### Data under study
= = =

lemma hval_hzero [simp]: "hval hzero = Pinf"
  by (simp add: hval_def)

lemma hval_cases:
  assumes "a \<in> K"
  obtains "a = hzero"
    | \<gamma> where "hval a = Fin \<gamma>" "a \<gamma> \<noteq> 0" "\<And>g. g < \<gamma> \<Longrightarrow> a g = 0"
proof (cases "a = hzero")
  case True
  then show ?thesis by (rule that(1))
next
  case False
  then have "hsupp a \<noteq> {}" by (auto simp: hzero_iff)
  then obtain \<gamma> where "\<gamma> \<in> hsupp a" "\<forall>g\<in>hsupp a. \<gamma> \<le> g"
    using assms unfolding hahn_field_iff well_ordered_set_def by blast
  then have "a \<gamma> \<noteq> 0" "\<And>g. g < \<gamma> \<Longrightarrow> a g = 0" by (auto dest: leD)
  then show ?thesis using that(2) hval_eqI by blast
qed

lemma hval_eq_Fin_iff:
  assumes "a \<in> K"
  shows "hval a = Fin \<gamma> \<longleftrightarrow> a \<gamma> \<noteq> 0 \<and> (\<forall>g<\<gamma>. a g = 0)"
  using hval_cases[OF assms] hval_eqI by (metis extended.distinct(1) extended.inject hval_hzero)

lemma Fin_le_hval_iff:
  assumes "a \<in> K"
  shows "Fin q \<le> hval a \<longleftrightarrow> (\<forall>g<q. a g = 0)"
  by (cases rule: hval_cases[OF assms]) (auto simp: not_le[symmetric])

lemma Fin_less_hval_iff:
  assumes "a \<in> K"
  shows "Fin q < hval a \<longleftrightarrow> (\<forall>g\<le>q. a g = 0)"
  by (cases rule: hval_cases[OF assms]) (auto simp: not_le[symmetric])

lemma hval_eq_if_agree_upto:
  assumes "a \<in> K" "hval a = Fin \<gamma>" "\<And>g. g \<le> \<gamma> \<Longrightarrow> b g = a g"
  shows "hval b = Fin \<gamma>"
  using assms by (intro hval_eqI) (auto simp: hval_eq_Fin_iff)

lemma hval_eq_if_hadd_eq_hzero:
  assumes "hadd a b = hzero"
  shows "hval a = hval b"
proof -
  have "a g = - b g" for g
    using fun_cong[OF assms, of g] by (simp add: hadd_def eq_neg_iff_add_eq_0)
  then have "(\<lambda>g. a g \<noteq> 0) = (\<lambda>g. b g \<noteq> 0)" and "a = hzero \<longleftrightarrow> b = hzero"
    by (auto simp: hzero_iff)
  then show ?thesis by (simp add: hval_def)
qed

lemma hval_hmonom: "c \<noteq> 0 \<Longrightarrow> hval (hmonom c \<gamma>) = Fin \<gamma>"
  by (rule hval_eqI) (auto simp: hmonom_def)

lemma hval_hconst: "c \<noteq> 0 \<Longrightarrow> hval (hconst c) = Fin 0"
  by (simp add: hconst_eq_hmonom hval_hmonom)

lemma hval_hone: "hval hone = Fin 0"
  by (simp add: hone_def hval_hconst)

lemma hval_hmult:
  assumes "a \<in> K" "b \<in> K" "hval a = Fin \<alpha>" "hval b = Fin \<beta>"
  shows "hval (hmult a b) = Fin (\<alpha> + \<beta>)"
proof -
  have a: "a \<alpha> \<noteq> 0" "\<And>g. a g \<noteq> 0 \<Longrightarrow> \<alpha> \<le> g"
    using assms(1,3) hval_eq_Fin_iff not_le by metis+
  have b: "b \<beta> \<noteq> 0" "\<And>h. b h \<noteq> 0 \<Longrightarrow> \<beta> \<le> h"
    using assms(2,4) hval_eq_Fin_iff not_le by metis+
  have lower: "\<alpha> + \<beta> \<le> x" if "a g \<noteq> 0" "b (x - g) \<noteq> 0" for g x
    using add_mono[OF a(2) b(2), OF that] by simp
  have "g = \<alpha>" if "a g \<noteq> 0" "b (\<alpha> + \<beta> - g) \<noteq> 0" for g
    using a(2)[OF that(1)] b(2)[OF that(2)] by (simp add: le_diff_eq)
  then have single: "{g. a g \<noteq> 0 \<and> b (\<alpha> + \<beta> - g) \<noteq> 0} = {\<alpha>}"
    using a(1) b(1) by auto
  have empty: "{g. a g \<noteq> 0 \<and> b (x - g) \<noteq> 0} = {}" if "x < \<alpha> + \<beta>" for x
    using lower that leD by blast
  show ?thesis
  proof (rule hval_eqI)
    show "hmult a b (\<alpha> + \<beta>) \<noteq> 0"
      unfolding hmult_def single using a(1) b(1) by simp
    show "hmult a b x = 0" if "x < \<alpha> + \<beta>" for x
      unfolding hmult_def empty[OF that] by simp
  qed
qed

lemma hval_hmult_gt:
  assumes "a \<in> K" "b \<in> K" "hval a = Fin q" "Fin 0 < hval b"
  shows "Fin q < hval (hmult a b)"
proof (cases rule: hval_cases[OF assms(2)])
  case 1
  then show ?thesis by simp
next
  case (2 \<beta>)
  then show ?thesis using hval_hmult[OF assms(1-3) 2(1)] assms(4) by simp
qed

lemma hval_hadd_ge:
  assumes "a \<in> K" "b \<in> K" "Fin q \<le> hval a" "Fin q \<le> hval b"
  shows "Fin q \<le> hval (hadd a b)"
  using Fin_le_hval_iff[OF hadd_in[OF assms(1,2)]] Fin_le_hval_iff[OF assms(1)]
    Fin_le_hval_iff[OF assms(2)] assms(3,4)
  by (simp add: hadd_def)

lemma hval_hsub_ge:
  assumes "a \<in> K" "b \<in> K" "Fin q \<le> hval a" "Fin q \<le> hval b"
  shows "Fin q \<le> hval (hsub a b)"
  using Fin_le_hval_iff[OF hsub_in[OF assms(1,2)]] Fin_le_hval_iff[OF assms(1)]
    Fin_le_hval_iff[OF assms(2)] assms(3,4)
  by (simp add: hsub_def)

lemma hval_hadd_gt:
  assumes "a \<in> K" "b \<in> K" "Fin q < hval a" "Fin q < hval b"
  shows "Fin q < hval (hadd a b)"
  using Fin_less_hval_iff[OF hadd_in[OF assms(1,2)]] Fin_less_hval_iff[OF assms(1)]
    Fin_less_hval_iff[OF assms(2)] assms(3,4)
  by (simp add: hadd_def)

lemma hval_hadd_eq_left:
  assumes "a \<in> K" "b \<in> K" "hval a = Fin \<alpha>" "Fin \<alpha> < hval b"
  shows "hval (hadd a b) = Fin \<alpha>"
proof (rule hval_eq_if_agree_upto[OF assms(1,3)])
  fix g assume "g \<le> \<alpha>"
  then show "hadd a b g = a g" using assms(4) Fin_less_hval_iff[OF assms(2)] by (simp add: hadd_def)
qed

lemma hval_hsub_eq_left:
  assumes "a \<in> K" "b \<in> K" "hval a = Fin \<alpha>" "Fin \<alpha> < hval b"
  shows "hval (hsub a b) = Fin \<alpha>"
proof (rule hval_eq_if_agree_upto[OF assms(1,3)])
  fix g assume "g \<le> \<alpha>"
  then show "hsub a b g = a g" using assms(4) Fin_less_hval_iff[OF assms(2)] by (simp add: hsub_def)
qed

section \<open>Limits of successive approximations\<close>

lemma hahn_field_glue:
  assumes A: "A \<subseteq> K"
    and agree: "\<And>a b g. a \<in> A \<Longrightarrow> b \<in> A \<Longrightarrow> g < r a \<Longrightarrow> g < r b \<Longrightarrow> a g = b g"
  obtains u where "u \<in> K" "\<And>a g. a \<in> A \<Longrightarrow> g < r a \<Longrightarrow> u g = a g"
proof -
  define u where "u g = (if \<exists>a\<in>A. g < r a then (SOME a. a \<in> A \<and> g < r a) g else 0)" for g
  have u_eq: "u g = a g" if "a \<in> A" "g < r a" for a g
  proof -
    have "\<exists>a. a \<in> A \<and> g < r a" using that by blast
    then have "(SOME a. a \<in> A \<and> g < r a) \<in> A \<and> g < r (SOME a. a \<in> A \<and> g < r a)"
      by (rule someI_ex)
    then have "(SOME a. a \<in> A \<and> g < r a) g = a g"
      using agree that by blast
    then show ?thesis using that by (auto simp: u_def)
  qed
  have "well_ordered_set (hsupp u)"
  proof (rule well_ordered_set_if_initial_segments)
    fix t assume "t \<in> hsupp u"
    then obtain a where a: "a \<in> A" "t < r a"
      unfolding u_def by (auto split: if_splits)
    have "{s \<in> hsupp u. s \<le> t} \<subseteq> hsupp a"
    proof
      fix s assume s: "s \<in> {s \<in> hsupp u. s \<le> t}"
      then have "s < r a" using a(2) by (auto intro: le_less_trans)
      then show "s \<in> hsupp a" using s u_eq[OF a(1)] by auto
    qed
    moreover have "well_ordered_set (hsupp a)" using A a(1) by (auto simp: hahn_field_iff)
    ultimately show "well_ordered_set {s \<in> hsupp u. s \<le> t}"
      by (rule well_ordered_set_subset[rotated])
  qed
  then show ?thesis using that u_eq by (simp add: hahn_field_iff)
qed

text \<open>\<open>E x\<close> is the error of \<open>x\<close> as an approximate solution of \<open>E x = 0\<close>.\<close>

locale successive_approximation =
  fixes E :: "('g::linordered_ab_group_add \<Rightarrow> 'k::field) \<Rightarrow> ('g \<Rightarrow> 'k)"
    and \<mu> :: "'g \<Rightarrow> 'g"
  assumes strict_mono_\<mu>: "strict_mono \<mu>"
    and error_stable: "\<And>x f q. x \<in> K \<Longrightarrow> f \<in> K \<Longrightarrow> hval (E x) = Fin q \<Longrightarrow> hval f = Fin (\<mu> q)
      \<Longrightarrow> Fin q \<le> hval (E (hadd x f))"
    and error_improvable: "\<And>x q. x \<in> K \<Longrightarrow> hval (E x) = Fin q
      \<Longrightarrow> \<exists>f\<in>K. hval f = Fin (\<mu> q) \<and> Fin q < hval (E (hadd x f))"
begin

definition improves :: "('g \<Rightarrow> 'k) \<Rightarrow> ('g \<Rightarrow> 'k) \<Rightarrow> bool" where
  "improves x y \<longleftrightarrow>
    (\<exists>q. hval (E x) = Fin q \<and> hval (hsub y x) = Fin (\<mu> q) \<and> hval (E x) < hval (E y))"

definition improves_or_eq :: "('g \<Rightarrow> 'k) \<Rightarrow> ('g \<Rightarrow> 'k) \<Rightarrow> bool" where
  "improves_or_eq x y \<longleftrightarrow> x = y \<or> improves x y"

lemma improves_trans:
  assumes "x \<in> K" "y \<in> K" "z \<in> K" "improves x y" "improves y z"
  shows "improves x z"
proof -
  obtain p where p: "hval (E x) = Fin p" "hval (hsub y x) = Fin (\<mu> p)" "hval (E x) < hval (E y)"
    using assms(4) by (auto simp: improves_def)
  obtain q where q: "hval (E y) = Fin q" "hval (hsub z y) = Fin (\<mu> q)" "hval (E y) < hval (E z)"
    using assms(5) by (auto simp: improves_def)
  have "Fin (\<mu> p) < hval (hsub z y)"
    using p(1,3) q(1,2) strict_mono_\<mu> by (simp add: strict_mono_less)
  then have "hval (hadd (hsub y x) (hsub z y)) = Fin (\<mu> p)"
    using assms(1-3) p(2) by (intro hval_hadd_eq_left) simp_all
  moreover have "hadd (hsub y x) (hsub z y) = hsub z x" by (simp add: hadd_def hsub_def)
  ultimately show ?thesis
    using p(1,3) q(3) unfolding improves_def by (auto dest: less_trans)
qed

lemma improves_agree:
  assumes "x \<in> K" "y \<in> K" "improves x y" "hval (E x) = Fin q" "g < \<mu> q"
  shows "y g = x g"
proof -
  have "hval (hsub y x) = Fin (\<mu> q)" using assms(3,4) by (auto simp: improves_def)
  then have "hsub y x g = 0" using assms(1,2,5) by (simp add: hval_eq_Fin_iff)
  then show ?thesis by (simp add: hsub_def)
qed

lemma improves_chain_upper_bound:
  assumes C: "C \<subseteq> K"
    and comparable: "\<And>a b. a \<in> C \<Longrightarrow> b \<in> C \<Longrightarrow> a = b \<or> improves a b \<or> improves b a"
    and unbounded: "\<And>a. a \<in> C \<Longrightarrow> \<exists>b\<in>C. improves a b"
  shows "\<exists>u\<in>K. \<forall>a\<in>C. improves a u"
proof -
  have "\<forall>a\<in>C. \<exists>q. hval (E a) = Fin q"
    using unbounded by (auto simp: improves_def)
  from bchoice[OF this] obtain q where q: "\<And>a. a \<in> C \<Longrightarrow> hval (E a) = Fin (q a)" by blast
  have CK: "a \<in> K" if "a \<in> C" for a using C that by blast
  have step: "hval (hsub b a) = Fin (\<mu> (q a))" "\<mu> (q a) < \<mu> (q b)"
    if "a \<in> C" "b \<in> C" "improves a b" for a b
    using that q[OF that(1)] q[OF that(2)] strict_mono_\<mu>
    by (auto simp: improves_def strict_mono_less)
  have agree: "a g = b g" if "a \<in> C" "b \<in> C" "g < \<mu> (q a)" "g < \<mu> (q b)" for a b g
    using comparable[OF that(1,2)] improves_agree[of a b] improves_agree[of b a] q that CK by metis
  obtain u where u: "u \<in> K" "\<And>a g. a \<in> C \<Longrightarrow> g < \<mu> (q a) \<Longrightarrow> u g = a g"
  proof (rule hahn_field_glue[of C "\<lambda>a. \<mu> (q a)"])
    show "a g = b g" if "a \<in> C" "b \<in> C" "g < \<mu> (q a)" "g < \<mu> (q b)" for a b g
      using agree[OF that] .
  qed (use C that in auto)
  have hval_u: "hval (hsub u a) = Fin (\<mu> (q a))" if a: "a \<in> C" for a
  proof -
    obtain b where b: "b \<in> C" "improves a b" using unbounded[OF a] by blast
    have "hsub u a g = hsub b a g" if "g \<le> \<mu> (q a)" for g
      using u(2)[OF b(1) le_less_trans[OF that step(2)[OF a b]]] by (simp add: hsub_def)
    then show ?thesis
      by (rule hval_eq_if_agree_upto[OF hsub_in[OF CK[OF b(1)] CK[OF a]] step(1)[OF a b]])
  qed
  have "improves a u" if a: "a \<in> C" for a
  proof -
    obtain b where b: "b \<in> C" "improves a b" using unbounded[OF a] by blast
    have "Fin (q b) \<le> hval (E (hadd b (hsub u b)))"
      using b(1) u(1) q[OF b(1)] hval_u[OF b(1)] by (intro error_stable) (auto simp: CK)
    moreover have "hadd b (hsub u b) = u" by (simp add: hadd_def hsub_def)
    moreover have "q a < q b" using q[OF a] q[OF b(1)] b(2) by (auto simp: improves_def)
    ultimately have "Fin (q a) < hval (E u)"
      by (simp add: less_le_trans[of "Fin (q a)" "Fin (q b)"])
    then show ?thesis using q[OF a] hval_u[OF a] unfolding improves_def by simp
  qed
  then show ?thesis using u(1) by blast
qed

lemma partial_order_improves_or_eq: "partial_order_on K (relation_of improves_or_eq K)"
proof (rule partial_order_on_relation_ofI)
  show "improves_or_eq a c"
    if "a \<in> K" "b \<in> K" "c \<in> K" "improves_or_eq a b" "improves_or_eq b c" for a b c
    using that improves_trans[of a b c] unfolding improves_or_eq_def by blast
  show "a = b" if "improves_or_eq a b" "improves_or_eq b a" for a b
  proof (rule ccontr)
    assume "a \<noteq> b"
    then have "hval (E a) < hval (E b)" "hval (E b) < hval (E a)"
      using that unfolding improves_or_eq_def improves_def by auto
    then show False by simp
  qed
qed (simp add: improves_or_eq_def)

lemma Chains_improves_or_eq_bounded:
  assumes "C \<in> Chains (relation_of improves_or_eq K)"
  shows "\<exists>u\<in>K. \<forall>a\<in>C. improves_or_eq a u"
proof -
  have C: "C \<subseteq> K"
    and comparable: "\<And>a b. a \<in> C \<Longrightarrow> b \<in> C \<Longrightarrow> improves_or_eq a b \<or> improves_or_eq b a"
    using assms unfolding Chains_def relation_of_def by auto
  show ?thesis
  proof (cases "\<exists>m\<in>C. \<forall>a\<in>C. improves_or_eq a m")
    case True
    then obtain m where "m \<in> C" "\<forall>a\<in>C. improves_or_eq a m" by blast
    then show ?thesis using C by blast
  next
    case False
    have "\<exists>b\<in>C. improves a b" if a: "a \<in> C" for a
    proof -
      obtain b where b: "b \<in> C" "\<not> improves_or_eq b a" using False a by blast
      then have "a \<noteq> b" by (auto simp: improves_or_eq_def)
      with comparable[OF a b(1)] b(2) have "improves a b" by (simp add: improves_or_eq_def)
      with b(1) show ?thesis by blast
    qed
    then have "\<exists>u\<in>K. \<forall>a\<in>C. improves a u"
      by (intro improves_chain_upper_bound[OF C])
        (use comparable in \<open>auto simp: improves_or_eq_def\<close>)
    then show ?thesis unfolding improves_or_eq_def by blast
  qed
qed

= = =

### Problem description
Which lines run from the first of the listing to the line containing "a \<longleftrightarrow> (\<forall>g\<le>q."? Reproduce those exactly, both ends included.

### Final answer
lemma hval_hzero [simp]: "hval hzero = Pinf"
  by (simp add: hval_def)

lemma hval_cases:
  assumes "a \<in> K"
  obtains "a = hzero"
    | \<gamma> where "hval a = Fin \<gamma>" "a \<gamma> \<noteq> 0" "\<And>g. g < \<gamma> \<Longrightarrow> a g = 0"
proof (cases "a = hzero")
  case True
  then show ?thesis by (rule that(1))
next
  case False
  then have "hsupp a \<noteq> {}" by (auto simp: hzero_iff)
  then obtain \<gamma> where "\<gamma> \<in> hsupp a" "\<forall>g\<in>hsupp a. \<gamma> \<le> g"
    using assms unfolding hahn_field_iff well_ordered_set_def by blast
  then have "a \<gamma> \<noteq> 0" "\<And>g. g < \<gamma> \<Longrightarrow> a g = 0" by (auto dest: leD)
  then show ?thesis using that(2) hval_eqI by blast
qed

lemma hval_eq_Fin_iff:
  assumes "a \<in> K"
  shows "hval a = Fin \<gamma> \<longleftrightarrow> a \<gamma> \<noteq> 0 \<and> (\<forall>g<\<gamma>. a g = 0)"
  using hval_cases[OF assms] hval_eqI by (metis extended.distinct(1) extended.inject hval_hzero)

lemma Fin_le_hval_iff:
  assumes "a \<in> K"
  shows "Fin q \<le> hval a \<longleftrightarrow> (\<forall>g<q. a g = 0)"
  by (cases rule: hval_cases[OF assms]) (auto simp: not_le[symmetric])

lemma Fin_less_hval_iff:
  assumes "a \<in> K"
  shows "Fin q < hval a \<longleftrightarrow> (\<forall>g\<le>q. a g = 0)"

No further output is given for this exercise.